Limitations and Risks
Ad-hoc Testing Limitations
❌ Non-repeatable: Hard to reproduce exact test scenarios
❌ Skill-dependent: Quality varies based on tester expertise
❌ No coverage metrics: Difficult to measure completeness
❌ Documentation gaps: May not capture all findings
❌ Not suitable for compliance: Regulatory testing requires formal documentation
Monkey Testing Limitations
❌ Low defect detection rate: Most random actions are meaningless
❌ No expected results: Hard to determine if behavior is correct
❌ Inefficient: Wastes time on unlikely scenarios
❌ False positives: May report issues that aren’t really bugs
❌ Doesn’t test business logic: Random inputs don’t validate requirements
Real-World Examples
Example 1: Mobile App Ad-hoc Testing
Scenario: New "Dark Mode" feature added to mobile app
Ad-hoc Testing Session:
1. Enable dark mode → Check all screens
2. Toggle dark mode rapidly → Check for flickers
3. Enable dark mode mid-workflow → Check consistency
4. Dark mode + low battery mode → Check interaction
5. Dark mode + accessibility settings → Check contrast
Bugs Found:
- Images not optimized for dark mode (hard to see)
- Notification pop-ups still use light theme
- Settings screen doesn't reflect dark mode immediately
Example 2: Website Monkey Testing
Scenario: E-commerce checkout process stability testing
Monkey Test (Automated, 2 hours):
- Random product selections
- Random quantity changes
- Random navigation (back/forward/refresh)
- Random form inputs in checkout
- Random payment method selections
Results:
- 5 crashes detected
- 12 JavaScript errors logged
- 3 timeout issues
- Memory leak identified (memory grew from 100MB to 1.2GB)

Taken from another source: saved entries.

lemma positive_involvement_in_defeat_clones:
  fixes f :: "'v set \<Rightarrow> 'c set \<Rightarrow> ('v \<Rightarrow> ('c \<times> 'c) set) \<Rightarrow> ('c \<times> 'c) set"
  assumes "infinite (UNIV :: 'v set)" "positive_involvement_in_defeat f"
    and "profile V X P" "strict_lin_order X L" "(y, x) \<in> L" "(x, y) \<notin> f V X P"
  shows "\<exists>V' P'. profile V' X P' \<and> (x, y) \<notin> f V' X P' \<and>
    (\<forall>a b. margin V' P' a b = margin V P a b + int k * ballot_margin L a b)"
proof (induction k)
  case 0
  then show ?case using assms(3,6) by auto
next
  case (Suc k)
  then obtain V' P' where prof: "profile V' X P'" and lost: "(x, y) \<notin> f V' X P'"
    and shift: "\<forall>a b. margin V' P' a b = margin V P a b + int k * ballot_margin L a b"
    by blast
  have "finite V'" using prof unfolding profile_def by blast
  then obtain j where j: "j \<notin> V'" using ex_new_if_finite[OF assms(1)] by blast
  have "profile (insert j V') X (P'(j := L))"
    using profile_add_voter[OF prof j assms(4)] .
  moreover have "(x, y) \<notin> f (insert j V') X (P'(j := L))"
    using assms(2,4,5) prof j lost unfolding positive_involvement_in_defeat_def by blast
  moreover have "margin (insert j V') (P'(j := L)) a b
      = margin V P a b + int (Suc k) * ballot_margin L a b" for a b
    using margin_add_voter[OF \<open>finite V'\<close> j, of P' L] shift by (simp add: algebra_simps)
  ultimately show ?case by blast
qed

lemma trancl_imp_nth_path:
  "(a, b) \<in> E\<^sup>+ \<Longrightarrow> \<exists>xs. length xs \<ge> 2 \<and> hd xs = a \<and> last xs = b \<and>
     (\<forall>k. Suc k < length xs \<longrightarrow> (xs ! k, xs ! Suc k) \<in> E)"
proof (induction rule: converse_trancl_induct)
  case (base a)
  show ?case by (intro exI[of _ "[a, b]"]) (auto simp: less_Suc_eq base)
next
  case (step a c)
  then obtain xs where xs: "length xs \<ge> 2" "hd xs = c" "last xs = b"
    "\<forall>k. Suc k < length xs \<longrightarrow> (xs ! k, xs ! Suc k) \<in> E" by blast
  have "((a # xs) ! k, (a # xs) ! Suc k) \<in> E"
    if "Suc k < length (a # xs)" for k
    using that xs step(1) by (cases k) (auto simp: hd_conv_nth)
  then show ?case using xs by (intro exI[of _ "a # xs"]) auto
qed

lemma ex_nth_leaving:
  "xs \<noteq> [] \<Longrightarrow> hd xs \<in> R \<Longrightarrow> last xs \<notin> R \<Longrightarrow> \<exists>k. Suc k < length xs \<and> xs ! k \<in> R \<and> xs ! Suc k \<notin> R"
proof (induction xs)
  case (Cons a xs)
  have "xs \<noteq> []" using Cons.prems by auto
  show ?case
  proof (cases "hd xs \<in> R")
    case True
    then obtain k where "Suc k < length xs" "xs ! k \<in> R" "xs ! Suc k \<notin> R"
      using Cons \<open>xs \<noteq> []\<close> by auto
    then show ?thesis by (intro exI[of _ "Suc k"]) simp
  next
    case False
    then show ?thesis using Cons.prems \<open>xs \<noteq> []\<close> by (intro exI[of _ 0]) (auto simp: hd_conv_nth)
  qed
qed simp
(* Let $P=(N,L)$ be a random filtration pair for a random isolated invariant set $S$ of a random homeomorphism $\varphi$. Then the random pointed space map $\varphi_P(\omega,\cdot):N_L(\omega)\to N_L(\theta\omega)$ preserves base points, satisfies $[L(\omega)]\in\mathrm{int}\,\big(\varphi_P(\omega,\cdot)^{-1}([L(\theta\omega)])\big)$, $\varphi_P(\omega,\cdot)$ is continuous for each $\omega$, and $\varphi_P(\cdot,x)$ is measurable.
   Context: Let $(\Omega,\mathscr F,\mathbb P)$ be a probability space and $\theta:\Omega\to\Omega$ an invertible bimeasurable map preserving $\mathbb P$; write $\theta_n=\theta^n$. Let $(X,d_X)$ be a locally compact separable complete metric space. A random homeomorphism is a map $\varphi:\Omega\times X\to X$ with $\varphi(\cdot,x)$ measurable for every $x$ and $\varphi(\omega,\cdot)$ a homeomorphism for every $\omega$; iterates: $\varphi^n(\omega,\cdot)=\varphi(\theta_{n-1}\omega,\cdot)\circ\cdots\circ\varphi(\omega,\cdot)$ ($n>0$), $\varphi^0=\mathrm{id}_X$, $\varphi^n(\omega,\cdot)=\varphi(\theta_n\omega,\cdot)^{-1}\circ\cdots\circ\varphi(\theta_{-1}\omega,\cdot)^{-1}$ ($n<0$). A multifunction $D$ with compact values is a random compact set if $\omega\mapsto\mathrm{dist}_X(x,D(\omega))$ is measurable for each $x$. $\mathrm{Inv}A(\omega)=\{x\in A(\omega):\varphi^n(\omega,x)\in A(\theta_n\omega)\ \forall n\in\mathbb Z\}$. A random compact set $N$ is a random isolating neighborhood if $\mathrm{Inv}N(\omega)\subset\mathrm{int}N(\omega)$; $S$ is a random isolated invariant set if $S=\mathrm{Inv}N$ for such $N$. Exit set: $N^-(\omega)=\{x\in N(\omega):\varphi(\omega,x)\notin\mathrm{int}N(\theta\omega)\}$. A random neighborhood of $A$ in $N$ is a random set $W\subset N$ with $A(\omega)$ in the interior of $W(\omega)$ relative to $N(\omega)$. A random filtration pair for $S$ is a pair $(N,L)$ with $N$ a random isolating neighborhood, $S=\mathrm{Inv}N$, $L\subset N$ random compact, $N=\mathrm{cl}(\mathrm{int}N)$, $L=\mathrm{cl}(\mathrm{int}L)$, such that $\mathrm{cl}(N\setminus L)$ is a random isolating neighborhood of $S$ (i.e. with $\mathrm{Inv}\,\mathrm{cl}(N\setminus L)=S$), $L$ is a random neighborhood of $N^-$ in $N$, and $\varphi(\omega,L(\omega))\cap\mathrm{cl}(N(\theta\omega)\setminus L(\theta\omega))=\emptyset$. The random pointed space $N_L(\omega)$ is the quotient $N(\omega)/L(\omega)$ with the collapsed point $[L(\omega)]$ as base point (if $L(\omega)=\emptyset$, $N_L(\omega)=N(\omega)\cup\{[\emptyset]\}$ with an isolated base point); $p(\omega,\cdot):N(\omega)\to N_L(\omega)$ is the quotient map. The random pointed space map associated to $P$ is $\varphi_P(\omega,x)=[L(\theta\omega)]$ if $x=[L(\omega)]$ or $\varphi(\omega,x)\notin N(\theta\omega)$, and $\varphi_P(\omega,x)=p(\theta\omega,\varphi(\omega,x))$ otherwise. *)

theory Defs
  imports "HOL-Analysis.Analysis" "HOL-Probability.Probability"
begin
(* Let $d\geq 3$ and let $P_d(t)=\sum_{n\geq 1}a_n t^n$, where $a_n$ is the number of directed plateau polyhypercubes of dimension $d$ (of any width $k\geq 1$) with lateral area $n$. Then $$P_d(t)=\frac{t^{d-1}(1-t)^{d-1}}{(1-t)^{2(d-1)}-t^{d-1}}.$$
   Context: Work in $\mathbb{Z}^d$ with orthonormal coordinate system $(0,\vec{i_1},\dots,\vec{i_d})$; a cell is a unit hypercube of the lattice. A polyhypercube of dimension $d$ is a finite union of cells, connected through their $(d-1)$-dimensional faces, defined up to translation. Its width is the number of distinct values of the $\vec{i_1}$-coordinate taken by its cells; its strata are its intersections with the layers of constant $\vec{i_1}$-coordinate. A plateau is a stratum that is a hyperrectangle. An elementary step is a positive move of one unit along one axis. A polyhypercube is directed if every cell can be reached from a distinguished root cell by a path of cells of the polyhypercube using only elementary steps. A directed plateau polyhypercube is a directed polyhypercube all of whose strata are plateaus. The lateral area of a polyhypercube is the sum, over $2\leq l\leq d$, of the areas (numbers of unit squares) of the polyominoes obtained by projecting it onto the planes $(\vec{i_1},\vec{i_l})$. Generating functions are formal power series in $t$. *)

theory Defs
  imports "HOL-Computational_Algebra.Formal_Power_Series"
begin

text \<open>Cells of Z^d are represented as functions nat => int vanishing outside {0..<d}.
  Coordinate 0 plays the role of the first axis i_1; coordinate l (1 <= l < d)
  corresponds to i_{l+1}.\<close>

definition cells :: "nat \<Rightarrow> (nat \<Rightarrow> int) set" where
  "cells d = {x. \<forall>i. d \<le> i \<longrightarrow> x i = 0}"

definition unit_vec :: "nat \<Rightarrow> nat \<Rightarrow> int" where
  "unit_vec i = (\<lambda>j. if j = i then 1 else 0)"

definition step :: "nat \<Rightarrow> (nat \<Rightarrow> int) \<Rightarrow> (nat \<Rightarrow> int)" where
  "step i x = (\<lambda>j. x j + unit_vec i j)"

definition adjacent :: "nat \<Rightarrow> (nat \<Rightarrow> int) \<Rightarrow> (nat \<Rightarrow> int) \<Rightarrow> bool" where
  "adjacent d x y \<longleftrightarrow> (\<exists>i<d. y = step i x \<or> x = step i y)"

definition polyhypercube :: "nat \<Rightarrow> (nat \<Rightarrow> int) set \<Rightarrow> bool" where
  "polyhypercube d P \<longleftrightarrow> finite P \<and> P \<noteq> {} \<and> P \<subseteq> cells d \<and>
     (\<forall>x\<in>P. \<forall>y\<in>P. (\<lambda>a b. a \<in> P \<and> b \<in> P \<and> adjacent d a b)\<^sup>*\<^sup>* x y)"

definition directed :: "nat \<Rightarrow> (nat \<Rightarrow> int) set \<Rightarrow> bool" where
  "directed d P \<longleftrightarrow> polyhypercube d P \<and>
     (\<exists>r\<in>P. \<forall>x\<in>P. (\<lambda>a b. a \<in> P \<and> b \<in> P \<and> (\<exists>i<d. b = step i a))\<^sup>*\<^sup>* r x)"

definition stratum :: "(nat \<Rightarrow> int) set \<Rightarrow> int \<Rightarrow> (nat \<Rightarrow> int) set" where
  "stratum P c = {x \<in> P. x 0 = c}"

definition is_plateau :: "nat \<Rightarrow> int \<Rightarrow> (nat \<Rightarrow> int) set \<Rightarrow> bool" where
  "is_plateau d c S \<longleftrightarrow> (\<exists>a b :: nat \<Rightarrow> int.
     S = {x \<in> cells d. x 0 = c \<and> (\<forall>l. 1 \<le> l \<and> l < d \<longrightarrow> a l \<le> x l \<and> x l \<le> b l)})"

definition directed_plateau :: "nat \<Rightarrow> (nat \<Rightarrow> int) set \<Rightarrow> bool" where
  "directed_plateau d P \<longleftrightarrow> directed d P \<and>
     (\<forall>c \<in> (\<lambda>x. x 0) ` P. is_plateau d c (stratum P c))"

definition lateral_area :: "nat \<Rightarrow> (nat \<Rightarrow> int) set \<Rightarrow> nat" where
  "lateral_area d P = (\<Sum>l\<in>{1..<d}. card ((\<lambda>x. (x 0, x l)) ` P))"

definition translate :: "(nat \<Rightarrow> int) \<Rightarrow> (nat \<Rightarrow> int) set \<Rightarrow> (nat \<Rightarrow> int) set" where
  "translate v P = (\<lambda>x. (\<lambda>j. x j + v j)) ` P"

definition trans_class :: "nat \<Rightarrow> (nat \<Rightarrow> int) set \<Rightarrow> (nat \<Rightarrow> int) set set" where
  "trans_class d P = {Q. \<exists>v\<in>cells d. Q = translate v P}"

definition dpp_count :: "nat \<Rightarrow> nat \<Rightarrow> nat" where
  "dpp_count d n = card (trans_class d ` {P. directed_plateau d P \<and> lateral_area d P = n})"

end

(* A directed plateau polyhypercube, translated so that its root is the origin, is determined
   by its width k and, for every lateral axis l, the list of the k intervals onto which its
   plateaus project along l.  The first interval starts at 0 and each further one starts
   inside the previous one, because the lower corner of a plateau can only be entered from the
   plateau below it; conversely every such family of lists describes a directed plateau
   polyhypercube.  The axes are independent and the lateral area is the total length of the
   intervals, so the polyhypercubes of width k are counted by a (d-1)-th power: along one axis
   the first interval [0, b] contributes t/(1-t), and each further interval, determined by
   the length of the previous one and its own starting point in it, contributes t/(1-t)^2.
   Summing the resulting geometric series over k gives the closed form. *)

theory Submission
  imports Defs
begin

unbundle fps_syntax

section \<open>Generating functions of weighted sets\<close>

definition finite_fibres :: "'a set \<Rightarrow> ('a \<Rightarrow> nat) \<Rightarrow> bool" where
  "finite_fibres A w \<longleftrightarrow> (\<forall>n. finite {a \<in> A. w a = n})"

text \<open>Meaningful only for finite fibres: an infinite fibre has cardinality \<open>0\<close>.\<close>

definition weight_gf :: "'a set \<Rightarrow> ('a \<Rightarrow> nat) \<Rightarrow> 'b :: semiring_1 fps" where
  "weight_gf A w = Abs_fps (\<lambda>n. of_nat (card {a \<in> A. w a = n}))"

lemma weight_gf_nth: "weight_gf A w $ n = of_nat (card {a \<in> A. w a = n})"
  by (simp add: weight_gf_def)

lemma bij_betw_weight_fibres:
  assumes "bij_betw f A B" and "\<And>a. a \<in> A \<Longrightarrow> v (f a) = w a"
  shows "bij_betw f {a \<in> A. w a = n} {b \<in> B. v b = n}"
  by (rule bij_betw_subset[OF assms(1)]) (use assms in \<open>auto simp: bij_betw_def\<close>)

lemma
  assumes "bij_betw f A B" and "\<And>a. a \<in> A \<Longrightarrow> v (f a) = w a"
  shows finite_fibres_bij_betw: "finite_fibres B v \<longleftrightarrow> finite_fibres A w"
    and weight_gf_bij_betw: "weight_gf B v = weight_gf A w"
  using bij_betw_finite[OF bij_betw_weight_fibres[of f A B v w, OF assms]]
    bij_betw_same_card[OF bij_betw_weight_fibres[of f A B v w, OF assms]]
  by (auto simp: finite_fibres_def fps_eq_iff weight_gf_nth)

lemma
  assumes "finite_fibres A w" and "finite_fibres B v"
  shows finite_fibres_Times: "finite_fibres (A \<times> B) (\<lambda>(a, b). w a + v b)"
    and weight_gf_Times:
      "weight_gf (A \<times> B) (\<lambda>(a, b). w a + v b) =
        (weight_gf A w :: 'c::comm_semiring_1 fps) * weight_gf B v"
proof -
  have fibre: "{p \<in> A \<times> B. (\<lambda>(a, b). w a + v b) p = n} =
      (\<Union>i\<le>n. {a \<in> A. w a = i} \<times> {b \<in> B. v b = n - i})" for n
    by auto
  then show "finite_fibres (A \<times> B) (\<lambda>(a, b). w a + v b)"
    using assms by (simp add: finite_fibres_def)
  show "weight_gf (A \<times> B) (\<lambda>(a, b). w a + v b) = weight_gf A w * weight_gf B v"
  proof (rule fps_ext)
    fix n
    have "card {p \<in> A \<times> B. (\<lambda>(a, b). w a + v b) p = n} =
        (\<Sum>i\<le>n. card {a \<in> A. w a = i} * card {b \<in> B. v b = n - i})"
      unfolding fibre
      by (subst card_UN_disjoint)
        (use assms in \<open>auto simp: finite_fibres_def card_cartesian_product\<close>)
    then show "weight_gf (A \<times> B) (\<lambda>(a, b). w a + v b) $ n = (weight_gf A w * weight_gf B v) $ n"
      by (simp add: weight_gf_nth fps_mult_nth atLeast0AtMost)
  qed
qed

Follow-up: Formal test cases created for identified issues
Integration with Formal Testing
Recommended Workflow:
Phase 1: Requirements Analysis
→ Create formal test plan
Phase 2: Initial Development
→ Ad-hoc testing by developers (buddy testing)
→ Early defect detection
Phase 3: Feature Complete
→ Formal scripted testing
→ Ad-hoc testing for edge cases
→ Monkey testing for stability
Phase 4: Pre-Release
→ Automated regression tests
→ Monkey testing (overnight runs)
→ Ad-hoc testing of critical paths
Phase 5: Production
→ Monitored monkey testing in staging
→ Ad-hoc testing of user-reported issues
Conclusion
Ad-hoc and monkey testing are valuable complements to structured testing approaches, not replacements. They excel at finding unexpected issues that formal test cases miss, but should be used strategically alongside systematic testing methods.
Key Takeaways:
- Ad-hoc testing: Informal, purposeful exploration by experienced testers
- Monkey testing: Random actions to test stability and robustness
- Both approaches: Supplement formal testing, don’t replace it
- Document findings: Even informal testing needs basic documentation
- Time-box sessions: Prevent endless, unfocused testing
- Balance is key: Combine chaotic testing with systematic approaches
Use ad-hoc testing when you need creative, experience-driven exploration. Use monkey testing when you want to stress-test stability with random inputs. But always ensure the bulk of your testing follows structured, repeatable, documented approaches that provide measurable coverage and confidence in quality.